In [ ]:
!pip install emcee==3.0rc2
!pip install corner

In [ ]:
import numpy as np
import pandas as pd
from scipy.optimize import minimize, newton
import emcee
import corner

import matplotlib.pyplot as plt

np.random.seed(42)

Multi-Dimensional Integration with MCMC


By Megan Bedell (Flatiron Institute)

10 September 2019

Problem 1: Fitting a Sinusoid to Data

In this example, we will download a time series of radial velocities for the star HD209458. This star hosts a Hot Jupiter exoplanet. In fact, this planet was the first to be seen in transit and was discovered 20 years ago yesterday!
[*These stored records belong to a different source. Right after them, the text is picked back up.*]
lemma phi_tele_prob_disc:
  fixes w :: complex
  assumes "cmod w < 1"
  shows "phi tele_prob w = w + (1 - w) * Ln (1 - w)"
proof -
  have "(\<lambda>n. - (w ^ n) / of_nat n) sums Ln (1 - w)"
    using Ln_series'[of "- w"] assms by simp
  hence "(\<lambda>n. w ^ n / of_nat n) sums (- Ln (1 - w))"
    using sums_minus by fastforce
  hence log: "(\<lambda>m. \<Sum>k<Suc m. w ^ k / of_nat k) \<longlonglongrightarrow> - Ln (1 - w)"
    unfolding sums_def by (rule LIMSEQ_Suc)
  have "(\<lambda>m. w ^ Suc m / of_nat (Suc m)) \<longlonglongrightarrow> 0"
  proof (rule Lim_null_comparison[where g = "\<lambda>m. cmod w ^ Suc m"])
    have "norm (w ^ Suc m / of_nat (Suc m)) \<le> cmod w ^ Suc m" for m
    proof -
      have "norm (w ^ Suc m / of_nat (Suc m)) = cmod w ^ Suc m / real (Suc m)"
        by (simp only: norm_divide norm_power norm_of_nat)
      also have "\<dots> \<le> cmod w ^ Suc m"
        using mult_left_mono[of 1 "real (Suc m)" "cmod w ^ Suc m"]
        by (simp add: divide_le_eq del: of_nat_Suc)
      finally show ?thesis .
    qed
    thus "\<forall>\<^sub>F m in sequentially. norm (w ^ Suc m / of_nat (Suc m)) \<le> cmod w ^ Suc m"
      by simp
    show "(\<lambda>m. cmod w ^ Suc m) \<longlonglongrightarrow> 0"
      using LIMSEQ_Suc[OF LIMSEQ_power_zero[of "cmod w"]] assms by simp
  qed
  hence "(\<lambda>m. \<Sum>k<Suc (Suc m). complex_of_real (tele_prob (int k)) * w ^ k)
           \<longlonglongrightarrow> w + (w - 1) * (- Ln (1 - w)) - 0"
    unfolding sum_gen_fun_tele_prob_lessThan by (intro tendsto_intros log)
  hence "(\<lambda>m. \<Sum>k<m + 2. complex_of_real (tele_prob (int k)) * w ^ k) \<longlonglongrightarrow> w + (1 - w) * Ln (1 - w)"
    by (simp add: algebra_simps)
  hence "(\<lambda>k. complex_of_real (tele_prob (int k)) * w ^ k) sums (w + (1 - w) * Ln (1 - w))"
    unfolding sums_def by (rule LIMSEQ_offset)
  thus ?thesis unfolding phi_def by (rule sums_unique[symmetric])
qed

lemma phi_tele_prob:
  fixes w :: complex
  assumes "cmod w \<le> 1" "w \<noteq> 1"
  shows "phi tele_prob w = w + (1 - w) * Ln (1 - w)"
proof (rule phi_eq_if_eq_on_disc[OF PZplus_tele_prob _ phi_tele_prob_disc assms])
  have "1 - z \<notin> \<real>\<^sub>\<le>\<^sub>0" if "z \<in> cball 0 1 - {1}" for z :: complex
  proof
    assume "1 - z \<in> \<real>\<^sub>\<le>\<^sub>0"
    then obtain r where r: "1 - z = of_real r" "r \<le> 0"
      by (auto simp: nonpos_Reals_def)
    hence "z = of_real (1 - r)" by (simp add: algebra_simps)
    hence "cmod z = \<bar>1 - r\<bar>" by (simp only: norm_of_real)
    thus False using that r \<open>z = of_real (1 - r)\<close> by auto
  qed
  thus "continuous_on (cball 0 1 - {1}) (\<lambda>w. w + (1 - w) * Ln (1 - w))"
    by (intro continuous_intros) auto
qed

lemma one_minus_Fhat_tele_prob:
  assumes "exp (- \<i> * of_real \<xi>) \<noteq> 1"
  shows "1 - Fhat tele_prob \<xi>
           = (1 - exp (- \<i> * of_real \<xi>)) * (1 - Ln (1 - exp (- \<i> * of_real \<xi>)))"
  using phi_tele_prob[of "exp (- \<i> * of_real \<xi>)"] assms
  by (simp add: Fhat_eq_phi[OF PZplus_tele_prob] norm_exp_eq_Re algebra_simps)

lemma eventually_exp_ne_one: "\<forall>\<^sub>F \<xi> in at (0::real). exp (- \<i> * of_real \<xi>) \<noteq> 1"
proof -
  have "\<forall>\<^sub>F \<xi> in at (0::real). \<xi> \<noteq> 0 \<and> \<bar>\<xi>\<bar> < pi"
    unfolding eventually_at by (intro exI[of _ pi]) (auto simp: dist_real_def)
  thus ?thesis
  proof eventually_elim
    case (elim \<xi>)
    hence "sin \<xi> \<noteq> 0"
      using sin_gt_zero[of \<xi>] sin_gt_zero[of "- \<xi>"] by (cases "0 < \<xi>") auto
    thus ?case by (auto simp: complex_eq_iff Im_exp)
  qed
qed

lemma filterlim_norm_one_minus_exp:
  "filterlim (\<lambda>\<xi>. cmod (1 - exp (- \<i> * of_real \<xi>))) (at_right 0) (at (0::real))"
proof -
  have "((\<lambda>\<xi>::real. 1 - exp (- \<i> * of_real \<xi>)) \<longlongrightarrow> 0) (at 0)"
    by (auto intro!: tendsto_eq_intros)
  thus ?thesis
    unfolding filterlim_at using tendsto_norm_zero eventually_exp_ne_one
    by (auto elim!: eventually_mono)
qed

lemma tendsto_abs_Arg_one_minus_Fhat_tele_prob:
  "((\<lambda>\<xi>. \<bar>Arg (1 - Fhat tele_prob \<xi>)\<bar>) \<longlongrightarrow> pi / 2) (at 0)"
proof -
  define u where "u \<xi> = 1 - exp (- \<i> * of_real \<xi>)" for \<xi> :: real
  have u_lim: "filterlim (\<lambda>\<xi>. cmod (u \<xi>)) (at_right 0) (at 0)"
    unfolding u_def by (rule filterlim_norm_one_minus_exp)
  have "\<forall>\<^sub>F \<xi> in at 0. cmod (u \<xi>) \<in> {0<..<1}"
    by (rule eventually_compose_filterlim[OF eventually_at_right_real u_lim]) simp
  hence good: "\<forall>\<^sub>F \<xi> in at 0. u \<xi> \<noteq> 0 \<and> cmod (u \<xi>) < 1"
    by eventually_elim auto
  have "((\<lambda>t::real. t / 2 + pi / (1 - ln t)) \<longlongrightarrow> 0) (at_right 0)"
    by real_asymp
  from filterlim_compose[OF this u_lim]
  have bound_lim: "((\<lambda>\<xi>. cmod (u \<xi>) / 2 + pi / (1 - ln (cmod (u \<xi>)))) \<longlongrightarrow> 0) (at 0)" .
  have circle: "cmod (1 - u \<xi>) = 1" for \<xi> by (simp add: u_def norm_exp_eq_Re)
  have eq: "1 - Fhat tele_prob \<xi> = u \<xi> * (1 - Ln (u \<xi>))" if "u \<xi> \<noteq> 0" for \<xi>
    using that one_minus_Fhat_tele_prob[of \<xi>] by (simp add: u_def)
  show ?thesis
  proof (rule abs_Arg_tendsto_pi_half)
    show "\<forall>\<^sub>F \<xi> in at 0. 1 - Fhat tele_prob \<xi> \<noteq> 0"
      using good by eventually_elim (metis eq mult_one_minus_Ln_ne_zero)
    show "((\<lambda>\<xi>. Re (1 - Fhat tele_prob \<xi>) / cmod (1 - Fhat tele_prob \<xi>)) \<longlongrightarrow> 0) (at 0)"
    proof (rule Lim_null_comparison[OF _ bound_lim])
      show "\<forall>\<^sub>F \<xi> in at 0. norm (Re (1 - Fhat tele_prob \<xi>) / cmod (1 - Fhat tele_prob \<xi>))
              \<le> cmod (u \<xi>) / 2 + pi / (1 - ln (cmod (u \<xi>)))"
        using good
      proof eventually_elim
        case (elim \<xi>)
        hence u: "u \<xi> \<noteq> 0" "cmod (u \<xi>) < 1" by simp_all
        have "norm (Re z / cmod z) = \<bar>Re z\<bar> / cmod z" for z :: complex
          by (simp add: abs_divide)
        thus ?case
          using abs_Re_div_norm_mult_one_minus_Ln_le[OF u circle] by (simp only: eq[OF u(1)])
      qed
    qed
  qed
qed

theorem theorem6p2:
  shows "\<exists>F. PZplus F \<and> aperiodic F
    \<and> \<not> summable (\<lambda>k::nat. real k * F (int k))
    \<and> ((\<lambda>\<xi>. \<bar>Arg (1 - Fhat F \<xi>)\<bar>) \<longlongrightarrow> pi / 2) (at 0)
    \<and> \<not> (\<exists>\<theta>. 0 < \<theta> \<and> \<theta> < pi / 2 \<and>
          (\<forall>w. cmod w \<le> 1 \<longrightarrow>
             phi F w \<in> ball 0 1 \<union> {1} \<and> 1 - phi F w \<in> Lambda_bar \<theta>))
    \<and> F \<notin> classA"
proof (intro exI conjI)
  show "PZplus tele_prob" "aperiodic tele_prob" "\<not> summable (\<lambda>k. real k * tele_prob (int k))"
    by (fact PZplus_tele_prob aperiodic_tele_prob not_summable_first_moment_tele_prob)+
  note Arg_lim = tendsto_abs_Arg_one_minus_Fhat_tele_prob
  show "((\<lambda>\<xi>. \<bar>Arg (1 - Fhat tele_prob \<xi>)\<bar>) \<longlongrightarrow> pi / 2) (at 0)" by (fact Arg_lim)
  show "tele_prob \<notin> classA"
    by (rule not_classA_if_abs_Arg_tendsto[OF PZplus_tele_prob Arg_lim])
  show "\<not> (\<exists>\<theta>. 0 < \<theta> \<and> \<theta> < pi / 2 \<and> (\<forall>w. cmod w \<le> 1 \<longrightarrow>
          phi tele_prob w \<in> ball 0 1 \<union> {1} \<and> 1 - phi tele_prob w \<in> Lambda_bar \<theta>))"
    using exists_outside_sector_if_abs_Arg_tendsto[OF PZplus_tele_prob Arg_lim] by blast
qed

end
Because the eccentricity is low for this planet, we can fit its orbit in the radial velocities with a relatively simple model: a sinusoid.

Below is a snippet of code that will download the time-series data from NASA Exoplanet Archive:


In [ ]:
datafile = 'https://exoplanetarchive.ipac.caltech.edu/data/ExoData/0108/0108859/data/UID_0108859_RVC_001.tbl'
data = pd.read_fwf(datafile, header=0, names=['t', 'rv', 'rv_err'], skiprows=22)
data['t'] -= data['t'][0]

Problem 1a

Plot the data. Let's take a look at what we're working with!


In [ ]:
fig, ax = plt.subplots()
ax.errorbar( # complete
ax.set_xlabel('Time (days)')
ax.set_ylabel(r'RV (m s$^{-1}$)');

Problem 1b

Write the sinusoid function that we want to fit and get ready to run MCMC with helper functions.

First let's write a "get_model_predictions" function - this will resemble yesterday's same-named function, but instead of returning a line it should return a sinusoid. I suggest using the following free parameters, although there are a few alternative options that you may use instead:

theta = [p, # period of the sinusoid
         a, # semi-amplitude of the sinusoid
         t0, # reference x at which sine phase = 0
         rv0] # constant offset in y

The RV prediction is then: $$RV(t) = a \sin\Big(\frac{2\pi}{p} (t - t_0)\Big) + rv_0$$


In [ ]:
def get_model_predictions(theta, t):
  '''
  Calculate RV predictions for parameters theta and timestamps t.
  '''
  period, amplitude, t0, rv0 = theta
  model_preds = # complete
  return model_preds

Write a lnprior function with flat priors on all parameters - again, this will be similar to yesterday's function, but with different values.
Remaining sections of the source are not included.